**What to do**. Retype all of the records shown beneath this task, exactly as they stand.

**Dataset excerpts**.
fun smult :: "'e set \<Rightarrow> ('e \<Rightarrow> 'v) \<Rightarrow> ('e \<Rightarrow> 'v) \<Rightarrow> ('e \<Rightarrow> 'a) \<Rightarrow> ('a,'v) selem \<Rightarrow> ('a,'v) selem \<Rightarrow> ('a,'v) selem" where
  "smult Ed r s lab None q = None"
| "smult Ed r s lab (Some p) None = None"
| "smult Ed r s lab (Some (\<alpha>, A, \<beta>)) (Some (\<gamma>, C, \<delta>)) =
     (if prefix \<beta> \<gamma> then
        (let \<gamma>' = drop (length \<beta>) \<gamma> in mk (\<alpha> @ \<gamma>') (rel_range Ed r s lab A \<gamma>' \<inter> C) \<delta>)
      else if prefix \<gamma> \<beta> then
        (let \<beta>' = drop (length \<gamma>) \<beta> in mk \<alpha> (A \<inter> rel_range Ed r s lab C \<beta>') (\<delta> @ \<beta>'))
      else None)"

definition ES :: "'e set \<Rightarrow> ('e \<Rightarrow> 'v) \<Rightarrow> ('e \<Rightarrow> 'v) \<Rightarrow> ('e \<Rightarrow> 'a) \<Rightarrow> 'v set set \<Rightarrow> ('a,'v) selem set" where
  "ES Ed r s lab B = insert None
     {Some (\<alpha>, A, \<alpha>) | \<alpha> A. \<alpha> \<in> Lstar Ed r s lab \<and> A \<noteq> {} \<and> A \<in> Bsub Ed r s lab B \<alpha>}"

definition sleq :: "'e set \<Rightarrow> ('e \<Rightarrow> 'v) \<Rightarrow> ('e \<Rightarrow> 'v) \<Rightarrow> ('e \<Rightarrow> 'a) \<Rightarrow> ('a,'v) selem \<Rightarrow> ('a,'v) selem \<Rightarrow> bool" where
  "sleq Ed r s lab p q \<longleftrightarrow> smult Ed r s lab p q = p"

definition filterE :: "'e set \<Rightarrow> ('e \<Rightarrow> 'v) \<Rightarrow> ('e \<Rightarrow> 'v) \<Rightarrow> ('e \<Rightarrow> 'a) \<Rightarrow> 'v set set \<Rightarrow> ('a,'v) selem set \<Rightarrow> bool" where
  "filterE Ed r s lab B \<xi> \<longleftrightarrow>
     \<xi> \<subseteq> ES Ed r s lab B \<and> \<xi> \<noteq> {} \<and> None \<notin> \<xi> \<and>
     (\<forall>x\<in>\<xi>. \<forall>y\<in>ES Ed r s lab B. sleq Ed r s lab x y \<longrightarrow> y \<in> \<xi>) \<and>
     (\<forall>x\<in>\<xi>. \<forall>y\<in>\<xi>. \<exists>z\<in>\<xi>. sleq Ed r s lab z x \<and> sleq Ed r s lab z y)"

definition ultrafilterE :: "'e set \<Rightarrow> ('e \<Rightarrow> 'v) \<Rightarrow> ('e \<Rightarrow> 'v) \<Rightarrow> ('e \<Rightarrow> 'a) \<Rightarrow> 'v set set \<Rightarrow> ('a,'v) selem set \<Rightarrow> bool" where
  "ultrafilterE Ed r s lab B \<xi> \<longleftrightarrow> filterE Ed r s lab B \<xi> \<and>
     (\<forall>\<eta>. filterE Ed r s lab B \<eta> \<and> \<xi> \<subseteq> \<eta> \<longrightarrow> \<eta> = \<xi>)"

definition set_filter :: "'v set set \<Rightarrow> 'v set set \<Rightarrow> bool" where
  "set_filter F \<phi> \<longleftrightarrow> \<phi> \<subseteq> F \<and> \<phi> \<noteq> {} \<and> {} \<notin> \<phi> \<and>
     (\<forall>A\<in>\<phi>. \<forall>C\<in>F. A \<subseteq> C \<longrightarrow> C \<in> \<phi>) \<and>
     (\<forall>A\<in>\<phi>. \<forall>C\<in>\<phi>. \<exists>D\<in>\<phi>. D \<subseteq> A \<and> D \<subseteq> C)"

**Answer to the problem**.
fun smult :: "'e set \<Rightarrow> ('e \<Rightarrow> 'v) \<Rightarrow> ('e \<Rightarrow> 'v) \<Rightarrow> ('e \<Rightarrow> 'a) \<Rightarrow> ('a,'v) selem \<Rightarrow> ('a,'v) selem \<Rightarrow> ('a,'v) selem" where
  "smult Ed r s lab None q = None"
| "smult Ed r s lab (Some p) None = None"
| "smult Ed r s lab (Some (\<alpha>, A, \<beta>)) (Some (\<gamma>, C, \<delta>)) =
     (if prefix \<beta> \<gamma> then
        (let \<gamma>' = drop (length \<beta>) \<gamma> in mk (\<alpha> @ \<gamma>') (rel_range Ed r s lab A \<gamma>' \<inter> C) \<delta>)
      else if prefix \<gamma> \<beta> then
        (let \<beta>' = drop (length \<gamma>) \<beta> in mk \<alpha> (A \<inter> rel_range Ed r s lab C \<beta>') (\<delta> @ \<beta>'))
      else None)"

definition ES :: "'e set \<Rightarrow> ('e \<Rightarrow> 'v) \<Rightarrow> ('e \<Rightarrow> 'v) \<Rightarrow> ('e \<Rightarrow> 'a) \<Rightarrow> 'v set set \<Rightarrow> ('a,'v) selem set" where
  "ES Ed r s lab B = insert None
     {Some (\<alpha>, A, \<alpha>) | \<alpha> A. \<alpha> \<in> Lstar Ed r s lab \<and> A \<noteq> {} \<and> A \<in> Bsub Ed r s lab B \<alpha>}"

definition sleq :: "'e set \<Rightarrow> ('e \<Rightarrow> 'v) \<Rightarrow> ('e \<Rightarrow> 'v) \<Rightarrow> ('e \<Rightarrow> 'a) \<Rightarrow> ('a,'v) selem \<Rightarrow> ('a,'v) selem \<Rightarrow> bool" where
  "sleq Ed r s lab p q \<longleftrightarrow> smult Ed r s lab p q = p"

definition filterE :: "'e set \<Rightarrow> ('e \<Rightarrow> 'v) \<Rightarrow> ('e \<Rightarrow> 'v) \<Rightarrow> ('e \<Rightarrow> 'a) \<Rightarrow> 'v set set \<Rightarrow> ('a,'v) selem set \<Rightarrow> bool" where
  "filterE Ed r s lab B \<xi> \<longleftrightarrow>
     \<xi> \<subseteq> ES Ed r s lab B \<and> \<xi> \<noteq> {} \<and> None \<notin> \<xi> \<and>
     (\<forall>x\<in>\<xi>. \<forall>y\<in>ES Ed r s lab B. sleq Ed r s lab x y \<longrightarrow> y \<in> \<xi>) \<and>
     (\<forall>x\<in>\<xi>. \<forall>y\<in>\<xi>. \<exists>z\<in>\<xi>. sleq Ed r s lab z x \<and> sleq Ed r s lab z y)"

definition ultrafilterE :: "'e set \<Rightarrow> ('e \<Rightarrow> 'v) \<Rightarrow> ('e \<Rightarrow> 'v) \<Rightarrow> ('e \<Rightarrow> 'a) \<Rightarrow> 'v set set \<Rightarrow> ('a,'v) selem set \<Rightarrow> bool" where
  "ultrafilterE Ed r s lab B \<xi> \<longleftrightarrow> filterE Ed r s lab B \<xi> \<and>
     (\<forall>\<eta>. filterE Ed r s lab B \<eta> \<and> \<xi> \<subseteq> \<eta> \<longrightarrow> \<eta> = \<xi>)"

definition set_filter :: "'v set set \<Rightarrow> 'v set set \<Rightarrow> bool" where
  "set_filter F \<phi> \<longleftrightarrow> \<phi> \<subseteq> F \<and> \<phi> \<noteq> {} \<and> {} \<notin> \<phi> \<and>
     (\<forall>A\<in>\<phi>. \<forall>C\<in>F. A \<subseteq> C \<longrightarrow> C \<in> \<phi>) \<and>
     (\<forall>A\<in>\<phi>. \<forall>C\<in>\<phi>. \<exists>D\<in>\<phi>. D \<subseteq> A \<and> D \<subseteq> C)"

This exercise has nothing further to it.